**PROBLEM STATEMENT:**
Entries follow. Give back exactly the lines starting at the one containing "fixes p p' q q' :: nat" and ending at the one containing "q') \<le> real p'", and no other lines.

- Opening Delimiter -

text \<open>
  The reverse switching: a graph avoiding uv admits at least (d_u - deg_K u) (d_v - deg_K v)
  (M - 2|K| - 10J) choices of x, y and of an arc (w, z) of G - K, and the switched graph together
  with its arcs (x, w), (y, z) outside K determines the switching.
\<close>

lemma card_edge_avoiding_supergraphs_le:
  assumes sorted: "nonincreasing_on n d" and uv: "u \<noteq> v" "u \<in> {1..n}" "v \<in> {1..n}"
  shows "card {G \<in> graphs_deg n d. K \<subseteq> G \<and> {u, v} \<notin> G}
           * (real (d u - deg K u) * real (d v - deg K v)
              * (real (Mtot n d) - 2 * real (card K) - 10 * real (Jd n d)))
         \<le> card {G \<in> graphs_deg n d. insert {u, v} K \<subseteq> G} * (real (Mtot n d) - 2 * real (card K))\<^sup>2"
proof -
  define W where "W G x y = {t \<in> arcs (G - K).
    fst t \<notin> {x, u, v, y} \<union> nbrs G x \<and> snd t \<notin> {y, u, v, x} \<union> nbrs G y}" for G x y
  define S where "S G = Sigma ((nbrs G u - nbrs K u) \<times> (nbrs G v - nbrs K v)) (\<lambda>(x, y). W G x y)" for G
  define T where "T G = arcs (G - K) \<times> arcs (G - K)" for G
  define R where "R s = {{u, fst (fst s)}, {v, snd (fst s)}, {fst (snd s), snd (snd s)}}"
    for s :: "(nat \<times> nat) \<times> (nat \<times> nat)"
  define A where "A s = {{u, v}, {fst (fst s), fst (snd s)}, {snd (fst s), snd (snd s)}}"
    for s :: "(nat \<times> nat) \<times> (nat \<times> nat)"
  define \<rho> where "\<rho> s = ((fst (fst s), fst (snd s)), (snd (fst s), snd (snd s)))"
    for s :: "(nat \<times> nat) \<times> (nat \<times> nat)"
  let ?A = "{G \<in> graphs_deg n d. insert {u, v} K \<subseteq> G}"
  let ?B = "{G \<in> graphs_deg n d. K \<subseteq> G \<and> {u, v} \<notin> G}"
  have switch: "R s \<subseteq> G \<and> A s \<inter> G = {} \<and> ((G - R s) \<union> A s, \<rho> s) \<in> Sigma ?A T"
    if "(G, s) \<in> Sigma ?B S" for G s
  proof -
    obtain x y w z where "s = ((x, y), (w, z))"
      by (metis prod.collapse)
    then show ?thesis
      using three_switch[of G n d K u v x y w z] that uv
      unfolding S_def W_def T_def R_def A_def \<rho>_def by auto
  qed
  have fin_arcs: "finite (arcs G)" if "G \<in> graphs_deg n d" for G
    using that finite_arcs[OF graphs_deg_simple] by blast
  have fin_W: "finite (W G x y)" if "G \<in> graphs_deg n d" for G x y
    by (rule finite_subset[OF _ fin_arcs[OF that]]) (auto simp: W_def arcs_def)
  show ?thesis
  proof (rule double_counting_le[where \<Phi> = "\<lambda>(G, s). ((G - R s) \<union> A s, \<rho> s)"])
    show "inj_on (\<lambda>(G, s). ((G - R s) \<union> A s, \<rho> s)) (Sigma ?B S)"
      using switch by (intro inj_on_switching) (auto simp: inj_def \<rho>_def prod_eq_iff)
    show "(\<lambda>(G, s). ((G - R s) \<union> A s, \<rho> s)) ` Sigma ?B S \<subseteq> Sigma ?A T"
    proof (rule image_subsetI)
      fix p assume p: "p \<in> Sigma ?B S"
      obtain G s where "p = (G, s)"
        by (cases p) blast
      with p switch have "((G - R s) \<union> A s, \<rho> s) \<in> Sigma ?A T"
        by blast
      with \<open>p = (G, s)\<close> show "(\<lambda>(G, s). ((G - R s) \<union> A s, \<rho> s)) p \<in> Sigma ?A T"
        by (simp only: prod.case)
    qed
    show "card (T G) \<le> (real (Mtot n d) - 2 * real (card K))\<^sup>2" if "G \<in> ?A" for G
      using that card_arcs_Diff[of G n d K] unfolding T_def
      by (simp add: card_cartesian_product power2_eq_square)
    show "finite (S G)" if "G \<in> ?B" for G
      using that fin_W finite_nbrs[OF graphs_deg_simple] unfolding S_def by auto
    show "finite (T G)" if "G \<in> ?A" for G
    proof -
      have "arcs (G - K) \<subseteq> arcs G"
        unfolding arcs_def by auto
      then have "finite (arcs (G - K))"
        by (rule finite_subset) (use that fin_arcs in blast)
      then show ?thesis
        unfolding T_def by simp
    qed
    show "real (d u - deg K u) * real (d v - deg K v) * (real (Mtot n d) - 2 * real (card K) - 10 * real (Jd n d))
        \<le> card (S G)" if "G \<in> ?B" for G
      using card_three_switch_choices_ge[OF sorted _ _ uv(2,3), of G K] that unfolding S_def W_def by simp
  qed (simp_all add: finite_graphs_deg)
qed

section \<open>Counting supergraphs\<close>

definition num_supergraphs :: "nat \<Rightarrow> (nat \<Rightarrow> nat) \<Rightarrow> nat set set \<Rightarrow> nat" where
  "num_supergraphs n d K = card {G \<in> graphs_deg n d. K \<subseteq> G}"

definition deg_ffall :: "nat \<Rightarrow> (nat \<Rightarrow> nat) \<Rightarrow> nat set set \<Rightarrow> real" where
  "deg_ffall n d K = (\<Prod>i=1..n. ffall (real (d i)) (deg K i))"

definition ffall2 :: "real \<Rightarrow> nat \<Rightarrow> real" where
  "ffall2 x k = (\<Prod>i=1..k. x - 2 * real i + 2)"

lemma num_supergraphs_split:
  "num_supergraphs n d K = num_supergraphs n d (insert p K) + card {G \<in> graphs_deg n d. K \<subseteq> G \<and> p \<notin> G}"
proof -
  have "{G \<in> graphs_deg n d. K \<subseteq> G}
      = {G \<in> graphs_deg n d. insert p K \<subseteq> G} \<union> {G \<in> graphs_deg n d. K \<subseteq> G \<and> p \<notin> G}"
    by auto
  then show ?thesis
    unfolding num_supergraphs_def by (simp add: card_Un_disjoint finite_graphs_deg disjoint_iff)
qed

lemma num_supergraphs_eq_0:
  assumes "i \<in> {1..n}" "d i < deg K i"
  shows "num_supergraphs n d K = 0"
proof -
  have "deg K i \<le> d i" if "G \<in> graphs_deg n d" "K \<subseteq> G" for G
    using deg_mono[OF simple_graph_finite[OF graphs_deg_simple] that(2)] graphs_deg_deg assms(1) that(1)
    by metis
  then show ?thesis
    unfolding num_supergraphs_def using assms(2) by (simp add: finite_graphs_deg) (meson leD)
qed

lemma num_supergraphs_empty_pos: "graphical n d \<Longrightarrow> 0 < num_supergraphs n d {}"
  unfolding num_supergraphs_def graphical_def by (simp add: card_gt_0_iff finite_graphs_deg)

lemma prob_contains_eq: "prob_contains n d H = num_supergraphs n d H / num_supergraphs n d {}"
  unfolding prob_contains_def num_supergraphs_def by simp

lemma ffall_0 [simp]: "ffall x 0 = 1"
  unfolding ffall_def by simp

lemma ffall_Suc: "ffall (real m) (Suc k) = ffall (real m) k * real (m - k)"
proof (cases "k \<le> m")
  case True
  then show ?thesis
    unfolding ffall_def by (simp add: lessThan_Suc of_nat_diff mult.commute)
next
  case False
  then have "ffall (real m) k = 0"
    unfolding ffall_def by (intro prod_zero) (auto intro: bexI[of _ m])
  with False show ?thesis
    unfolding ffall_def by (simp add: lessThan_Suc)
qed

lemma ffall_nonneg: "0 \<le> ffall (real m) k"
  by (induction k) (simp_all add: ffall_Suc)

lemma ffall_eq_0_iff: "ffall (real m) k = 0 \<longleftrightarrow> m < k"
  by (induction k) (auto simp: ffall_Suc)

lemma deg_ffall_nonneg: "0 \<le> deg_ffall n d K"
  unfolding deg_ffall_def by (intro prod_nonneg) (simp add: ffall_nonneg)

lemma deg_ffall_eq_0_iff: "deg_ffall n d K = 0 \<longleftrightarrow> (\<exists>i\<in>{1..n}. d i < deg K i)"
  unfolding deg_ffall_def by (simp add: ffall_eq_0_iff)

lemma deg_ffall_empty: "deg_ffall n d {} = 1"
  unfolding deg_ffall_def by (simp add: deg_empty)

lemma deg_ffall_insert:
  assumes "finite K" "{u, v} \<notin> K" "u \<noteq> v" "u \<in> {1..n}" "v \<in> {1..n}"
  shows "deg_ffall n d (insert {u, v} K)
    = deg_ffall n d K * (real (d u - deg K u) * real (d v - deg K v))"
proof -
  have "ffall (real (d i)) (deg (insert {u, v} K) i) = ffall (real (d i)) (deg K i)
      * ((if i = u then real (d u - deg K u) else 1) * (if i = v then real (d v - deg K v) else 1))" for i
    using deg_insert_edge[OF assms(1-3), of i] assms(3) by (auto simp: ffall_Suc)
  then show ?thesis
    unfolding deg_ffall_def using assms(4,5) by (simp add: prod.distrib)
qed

- Closing Delimiter -
- Opening Delimiter -

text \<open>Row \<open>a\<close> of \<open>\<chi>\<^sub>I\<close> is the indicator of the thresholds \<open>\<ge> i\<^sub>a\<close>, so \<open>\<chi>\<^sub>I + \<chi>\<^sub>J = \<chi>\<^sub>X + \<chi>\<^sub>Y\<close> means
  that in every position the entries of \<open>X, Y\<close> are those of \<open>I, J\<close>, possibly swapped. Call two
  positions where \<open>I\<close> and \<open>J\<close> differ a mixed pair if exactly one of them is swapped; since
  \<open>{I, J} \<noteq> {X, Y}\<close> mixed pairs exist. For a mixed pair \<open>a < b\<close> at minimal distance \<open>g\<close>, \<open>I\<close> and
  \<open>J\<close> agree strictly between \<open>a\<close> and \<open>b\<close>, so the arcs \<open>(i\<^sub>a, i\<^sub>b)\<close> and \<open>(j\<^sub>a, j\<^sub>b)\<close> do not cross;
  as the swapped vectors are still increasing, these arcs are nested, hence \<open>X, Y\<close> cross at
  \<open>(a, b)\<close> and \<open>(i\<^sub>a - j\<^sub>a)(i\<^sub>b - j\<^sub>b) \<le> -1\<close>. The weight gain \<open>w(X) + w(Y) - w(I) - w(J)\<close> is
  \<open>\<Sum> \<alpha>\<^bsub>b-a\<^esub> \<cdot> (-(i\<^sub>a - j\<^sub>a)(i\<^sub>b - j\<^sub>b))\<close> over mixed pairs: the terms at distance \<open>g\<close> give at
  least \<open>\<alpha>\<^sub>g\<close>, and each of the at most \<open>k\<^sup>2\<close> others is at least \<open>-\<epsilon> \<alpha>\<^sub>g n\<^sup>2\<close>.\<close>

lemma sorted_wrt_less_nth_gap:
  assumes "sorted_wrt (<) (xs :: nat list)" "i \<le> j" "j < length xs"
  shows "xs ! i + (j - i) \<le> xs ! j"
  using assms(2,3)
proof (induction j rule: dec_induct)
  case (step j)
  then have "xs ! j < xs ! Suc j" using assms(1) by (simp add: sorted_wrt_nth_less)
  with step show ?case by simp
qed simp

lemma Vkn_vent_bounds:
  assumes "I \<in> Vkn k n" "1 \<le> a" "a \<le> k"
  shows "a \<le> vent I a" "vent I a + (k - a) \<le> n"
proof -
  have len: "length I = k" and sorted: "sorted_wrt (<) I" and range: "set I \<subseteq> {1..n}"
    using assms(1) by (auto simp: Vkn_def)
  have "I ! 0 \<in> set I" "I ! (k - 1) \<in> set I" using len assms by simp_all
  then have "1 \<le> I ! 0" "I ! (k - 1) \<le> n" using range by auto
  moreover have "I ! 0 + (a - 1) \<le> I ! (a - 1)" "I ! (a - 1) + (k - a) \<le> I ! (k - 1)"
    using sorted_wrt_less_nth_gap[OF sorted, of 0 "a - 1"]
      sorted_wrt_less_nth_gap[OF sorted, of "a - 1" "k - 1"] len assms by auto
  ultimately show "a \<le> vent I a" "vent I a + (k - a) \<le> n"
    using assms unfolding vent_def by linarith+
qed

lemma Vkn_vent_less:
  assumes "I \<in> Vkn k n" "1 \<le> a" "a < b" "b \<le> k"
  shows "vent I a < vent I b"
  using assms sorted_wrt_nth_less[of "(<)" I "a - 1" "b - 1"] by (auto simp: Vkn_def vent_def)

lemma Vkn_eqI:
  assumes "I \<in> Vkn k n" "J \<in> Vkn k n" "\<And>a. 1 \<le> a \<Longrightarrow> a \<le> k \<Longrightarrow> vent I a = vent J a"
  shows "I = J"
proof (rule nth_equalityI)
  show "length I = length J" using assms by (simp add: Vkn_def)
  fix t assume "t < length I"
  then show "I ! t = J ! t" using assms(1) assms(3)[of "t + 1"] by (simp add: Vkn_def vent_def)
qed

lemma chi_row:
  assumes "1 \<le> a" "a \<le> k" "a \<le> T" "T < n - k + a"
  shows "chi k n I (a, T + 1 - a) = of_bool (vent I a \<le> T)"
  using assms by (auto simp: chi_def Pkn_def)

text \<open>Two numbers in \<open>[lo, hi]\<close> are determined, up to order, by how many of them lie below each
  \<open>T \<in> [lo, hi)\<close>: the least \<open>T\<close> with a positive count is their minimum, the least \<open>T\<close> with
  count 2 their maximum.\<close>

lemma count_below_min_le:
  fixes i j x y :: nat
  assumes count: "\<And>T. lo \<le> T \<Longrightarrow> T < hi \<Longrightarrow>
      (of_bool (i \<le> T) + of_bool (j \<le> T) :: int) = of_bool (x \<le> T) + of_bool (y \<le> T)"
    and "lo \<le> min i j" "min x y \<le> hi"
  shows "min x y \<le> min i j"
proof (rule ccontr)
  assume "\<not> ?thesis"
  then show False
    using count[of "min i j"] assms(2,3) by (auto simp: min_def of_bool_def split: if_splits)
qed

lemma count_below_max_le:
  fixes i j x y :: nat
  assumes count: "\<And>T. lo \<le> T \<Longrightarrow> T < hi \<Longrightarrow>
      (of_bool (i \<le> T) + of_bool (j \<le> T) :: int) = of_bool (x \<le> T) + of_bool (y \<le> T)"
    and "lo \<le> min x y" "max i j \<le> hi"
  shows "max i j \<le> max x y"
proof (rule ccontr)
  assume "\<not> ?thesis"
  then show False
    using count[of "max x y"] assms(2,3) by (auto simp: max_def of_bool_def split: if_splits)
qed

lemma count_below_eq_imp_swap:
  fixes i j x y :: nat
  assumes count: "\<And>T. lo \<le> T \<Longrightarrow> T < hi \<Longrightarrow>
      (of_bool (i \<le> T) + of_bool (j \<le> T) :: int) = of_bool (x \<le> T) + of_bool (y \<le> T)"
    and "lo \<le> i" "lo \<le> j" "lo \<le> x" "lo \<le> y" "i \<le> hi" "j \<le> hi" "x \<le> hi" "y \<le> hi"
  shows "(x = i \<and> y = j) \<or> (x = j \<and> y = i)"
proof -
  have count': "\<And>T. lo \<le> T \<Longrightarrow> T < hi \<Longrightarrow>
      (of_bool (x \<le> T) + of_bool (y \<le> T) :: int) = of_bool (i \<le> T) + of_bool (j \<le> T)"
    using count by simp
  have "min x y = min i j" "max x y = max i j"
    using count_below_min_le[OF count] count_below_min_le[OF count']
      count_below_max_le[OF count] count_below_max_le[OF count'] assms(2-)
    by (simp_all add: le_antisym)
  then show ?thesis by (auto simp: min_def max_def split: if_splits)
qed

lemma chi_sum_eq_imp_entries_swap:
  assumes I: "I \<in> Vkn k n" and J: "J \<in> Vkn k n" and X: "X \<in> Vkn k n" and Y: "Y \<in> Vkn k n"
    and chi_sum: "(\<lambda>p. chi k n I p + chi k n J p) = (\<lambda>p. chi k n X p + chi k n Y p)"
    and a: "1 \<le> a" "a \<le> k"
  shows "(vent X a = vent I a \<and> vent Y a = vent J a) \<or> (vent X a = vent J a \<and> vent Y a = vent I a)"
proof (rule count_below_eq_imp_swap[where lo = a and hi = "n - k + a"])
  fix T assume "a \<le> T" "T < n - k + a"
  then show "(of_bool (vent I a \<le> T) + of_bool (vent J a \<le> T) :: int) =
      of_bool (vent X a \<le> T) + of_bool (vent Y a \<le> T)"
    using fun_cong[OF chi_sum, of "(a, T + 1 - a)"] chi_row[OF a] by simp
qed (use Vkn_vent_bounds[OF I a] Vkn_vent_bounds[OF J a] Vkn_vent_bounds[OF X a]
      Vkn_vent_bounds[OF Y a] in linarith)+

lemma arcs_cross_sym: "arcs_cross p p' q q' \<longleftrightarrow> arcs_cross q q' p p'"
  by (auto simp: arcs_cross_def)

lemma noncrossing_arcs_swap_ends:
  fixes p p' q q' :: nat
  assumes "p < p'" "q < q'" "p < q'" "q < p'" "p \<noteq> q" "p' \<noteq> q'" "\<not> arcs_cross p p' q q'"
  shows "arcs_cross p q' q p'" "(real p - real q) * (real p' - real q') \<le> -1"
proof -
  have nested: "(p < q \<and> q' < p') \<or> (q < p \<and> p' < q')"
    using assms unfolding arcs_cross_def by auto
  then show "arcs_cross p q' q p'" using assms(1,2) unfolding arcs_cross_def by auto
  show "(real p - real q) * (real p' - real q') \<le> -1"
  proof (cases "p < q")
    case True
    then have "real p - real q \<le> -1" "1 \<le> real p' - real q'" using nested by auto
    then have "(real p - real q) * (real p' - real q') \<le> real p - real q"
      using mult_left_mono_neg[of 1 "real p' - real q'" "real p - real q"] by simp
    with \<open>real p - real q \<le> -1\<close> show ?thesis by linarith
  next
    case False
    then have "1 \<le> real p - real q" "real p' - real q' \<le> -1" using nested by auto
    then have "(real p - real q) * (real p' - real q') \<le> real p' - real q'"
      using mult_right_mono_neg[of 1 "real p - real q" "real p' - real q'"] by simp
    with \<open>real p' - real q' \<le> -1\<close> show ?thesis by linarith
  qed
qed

- Closing Delimiter -

**ANSWER SECTION:**
  fixes p p' q q' :: nat
  assumes "p < p'" "q < q'" "p < q'" "q < p'" "p \<noteq> q" "p' \<noteq> q'" "\<not> arcs_cross p p' q q'"
  shows "arcs_cross p q' q p'" "(real p - real q) * (real p' - real q') \<le> -1"
proof -
  have nested: "(p < q \<and> q' < p') \<or> (q < p \<and> p' < q')"
    using assms unfolding arcs_cross_def by auto
  then show "arcs_cross p q' q p'" using assms(1,2) unfolding arcs_cross_def by auto
  show "(real p - real q) * (real p' - real q') \<le> -1"
  proof (cases "p < q")
    case True
    then have "real p - real q \<le> -1" "1 \<le> real p' - real q'" using nested by auto
    then have "(real p - real q) * (real p' - real q') \<le> real p - real q"
      using mult_left_mono_neg[of 1 "real p' - real q'" "real p - real q"] by simp
    with \<open>real p - real q \<le> -1\<close> show ?thesis by linarith
  next
    case False
    then have "1 \<le> real p - real q" "real p' - real q' \<le> -1" using nested by auto
    then have "(real p - real q) * (real p' - real q') \<le> real p' - real q'"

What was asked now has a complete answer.